== Record set ==

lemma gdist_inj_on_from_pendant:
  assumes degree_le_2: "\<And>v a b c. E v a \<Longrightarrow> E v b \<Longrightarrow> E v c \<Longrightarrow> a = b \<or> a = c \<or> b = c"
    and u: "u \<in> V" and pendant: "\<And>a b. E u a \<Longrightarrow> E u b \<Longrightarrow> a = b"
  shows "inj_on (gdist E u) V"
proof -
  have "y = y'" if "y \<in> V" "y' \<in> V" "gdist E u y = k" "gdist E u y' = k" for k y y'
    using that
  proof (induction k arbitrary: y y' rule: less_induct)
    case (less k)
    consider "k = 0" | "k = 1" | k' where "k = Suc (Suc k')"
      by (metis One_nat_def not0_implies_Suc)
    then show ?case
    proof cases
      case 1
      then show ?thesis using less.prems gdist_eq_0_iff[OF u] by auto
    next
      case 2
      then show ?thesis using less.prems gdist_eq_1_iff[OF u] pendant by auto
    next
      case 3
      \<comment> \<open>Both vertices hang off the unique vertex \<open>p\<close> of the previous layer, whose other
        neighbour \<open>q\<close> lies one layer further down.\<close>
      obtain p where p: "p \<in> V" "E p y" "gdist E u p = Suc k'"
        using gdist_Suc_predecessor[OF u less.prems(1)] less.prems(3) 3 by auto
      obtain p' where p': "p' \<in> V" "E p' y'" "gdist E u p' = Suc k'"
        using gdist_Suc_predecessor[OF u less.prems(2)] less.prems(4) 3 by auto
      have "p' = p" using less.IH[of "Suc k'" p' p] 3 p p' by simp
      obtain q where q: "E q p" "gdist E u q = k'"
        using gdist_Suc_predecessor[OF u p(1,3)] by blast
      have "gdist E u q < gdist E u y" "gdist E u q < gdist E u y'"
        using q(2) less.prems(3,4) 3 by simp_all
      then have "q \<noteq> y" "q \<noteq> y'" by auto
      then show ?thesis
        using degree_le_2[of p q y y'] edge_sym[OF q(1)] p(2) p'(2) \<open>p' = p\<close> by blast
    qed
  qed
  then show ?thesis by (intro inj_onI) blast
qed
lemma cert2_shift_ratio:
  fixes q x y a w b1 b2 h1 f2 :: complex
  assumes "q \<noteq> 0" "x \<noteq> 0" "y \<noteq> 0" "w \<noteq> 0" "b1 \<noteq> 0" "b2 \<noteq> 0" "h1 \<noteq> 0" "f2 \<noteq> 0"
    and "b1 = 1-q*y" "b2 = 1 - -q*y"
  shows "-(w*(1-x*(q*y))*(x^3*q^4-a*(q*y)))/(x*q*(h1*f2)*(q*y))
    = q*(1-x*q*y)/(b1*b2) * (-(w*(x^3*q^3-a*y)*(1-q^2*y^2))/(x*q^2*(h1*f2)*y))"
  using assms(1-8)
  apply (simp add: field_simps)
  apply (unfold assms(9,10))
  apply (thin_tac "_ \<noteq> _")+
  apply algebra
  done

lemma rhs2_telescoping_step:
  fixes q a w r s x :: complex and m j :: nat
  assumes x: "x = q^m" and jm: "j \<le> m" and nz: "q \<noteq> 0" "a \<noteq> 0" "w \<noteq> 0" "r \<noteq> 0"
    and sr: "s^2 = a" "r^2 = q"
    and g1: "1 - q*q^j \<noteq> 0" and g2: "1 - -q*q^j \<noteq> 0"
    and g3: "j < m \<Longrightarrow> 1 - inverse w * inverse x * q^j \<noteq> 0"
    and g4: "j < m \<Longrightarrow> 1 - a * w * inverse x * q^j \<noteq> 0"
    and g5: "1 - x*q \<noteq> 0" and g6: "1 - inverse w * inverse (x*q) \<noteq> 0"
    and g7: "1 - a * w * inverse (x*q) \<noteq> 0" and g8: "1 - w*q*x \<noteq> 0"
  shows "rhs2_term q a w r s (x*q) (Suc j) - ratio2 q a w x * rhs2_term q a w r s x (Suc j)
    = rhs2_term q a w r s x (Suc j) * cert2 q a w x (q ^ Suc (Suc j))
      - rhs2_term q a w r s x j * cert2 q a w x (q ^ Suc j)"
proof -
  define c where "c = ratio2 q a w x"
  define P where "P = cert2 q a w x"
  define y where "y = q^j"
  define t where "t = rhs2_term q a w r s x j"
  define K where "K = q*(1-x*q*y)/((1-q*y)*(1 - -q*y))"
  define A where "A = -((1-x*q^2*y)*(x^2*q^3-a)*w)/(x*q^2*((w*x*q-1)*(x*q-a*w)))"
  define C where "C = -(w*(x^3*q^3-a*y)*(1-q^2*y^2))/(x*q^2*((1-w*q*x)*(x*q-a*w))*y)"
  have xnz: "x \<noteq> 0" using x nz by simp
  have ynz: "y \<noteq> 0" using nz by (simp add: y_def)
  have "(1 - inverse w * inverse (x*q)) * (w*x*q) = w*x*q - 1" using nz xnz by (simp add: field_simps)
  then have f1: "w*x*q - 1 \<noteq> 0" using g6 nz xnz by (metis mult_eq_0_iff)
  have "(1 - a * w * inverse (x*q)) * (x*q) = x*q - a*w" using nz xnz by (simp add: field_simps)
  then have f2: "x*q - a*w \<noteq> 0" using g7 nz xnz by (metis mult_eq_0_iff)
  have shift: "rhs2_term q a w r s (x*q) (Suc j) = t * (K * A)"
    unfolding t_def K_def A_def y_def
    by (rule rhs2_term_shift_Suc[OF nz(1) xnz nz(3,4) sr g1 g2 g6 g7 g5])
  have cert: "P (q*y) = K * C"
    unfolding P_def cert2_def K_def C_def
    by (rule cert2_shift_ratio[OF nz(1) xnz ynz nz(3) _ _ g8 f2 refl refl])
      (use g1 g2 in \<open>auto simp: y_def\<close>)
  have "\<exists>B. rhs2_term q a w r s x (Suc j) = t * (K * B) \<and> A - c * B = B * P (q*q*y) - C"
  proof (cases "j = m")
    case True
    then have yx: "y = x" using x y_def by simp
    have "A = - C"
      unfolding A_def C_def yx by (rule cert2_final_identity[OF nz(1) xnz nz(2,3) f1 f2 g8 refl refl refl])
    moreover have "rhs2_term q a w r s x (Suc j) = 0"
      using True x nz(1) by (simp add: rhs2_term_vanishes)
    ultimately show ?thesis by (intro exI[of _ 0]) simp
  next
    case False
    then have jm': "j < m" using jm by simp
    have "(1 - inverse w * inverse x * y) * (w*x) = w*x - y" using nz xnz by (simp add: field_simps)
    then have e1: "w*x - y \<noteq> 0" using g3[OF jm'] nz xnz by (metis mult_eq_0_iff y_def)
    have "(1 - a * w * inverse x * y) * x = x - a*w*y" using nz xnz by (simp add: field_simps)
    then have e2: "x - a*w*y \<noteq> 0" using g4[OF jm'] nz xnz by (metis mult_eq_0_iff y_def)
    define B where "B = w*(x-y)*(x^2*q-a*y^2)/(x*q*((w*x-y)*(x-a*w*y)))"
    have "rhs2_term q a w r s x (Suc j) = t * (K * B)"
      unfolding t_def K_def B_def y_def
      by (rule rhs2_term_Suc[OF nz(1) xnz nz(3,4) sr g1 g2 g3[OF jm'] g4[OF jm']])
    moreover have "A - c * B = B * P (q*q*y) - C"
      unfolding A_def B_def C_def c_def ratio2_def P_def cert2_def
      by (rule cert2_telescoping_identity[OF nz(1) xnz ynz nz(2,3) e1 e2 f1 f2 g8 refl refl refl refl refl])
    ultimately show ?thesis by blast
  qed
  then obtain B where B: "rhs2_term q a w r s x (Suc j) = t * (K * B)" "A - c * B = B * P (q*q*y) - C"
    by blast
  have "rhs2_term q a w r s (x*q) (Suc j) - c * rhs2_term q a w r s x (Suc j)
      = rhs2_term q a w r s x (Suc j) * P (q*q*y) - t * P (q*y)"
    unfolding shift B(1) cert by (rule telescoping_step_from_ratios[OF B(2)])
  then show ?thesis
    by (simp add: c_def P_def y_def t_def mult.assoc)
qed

===

Among the entries, find each line that includes the string "prems" and copy it.

Solution:
      then show ?thesis using less.prems gdist_eq_0_iff[OF u] by auto
      then show ?thesis using less.prems gdist_eq_1_iff[OF u] pendant by auto
        using gdist_Suc_predecessor[OF u less.prems(1)] less.prems(3) 3 by auto
        using gdist_Suc_predecessor[OF u less.prems(2)] less.prems(4) 3 by auto
        using q(2) less.prems(3,4) 3 by simp_all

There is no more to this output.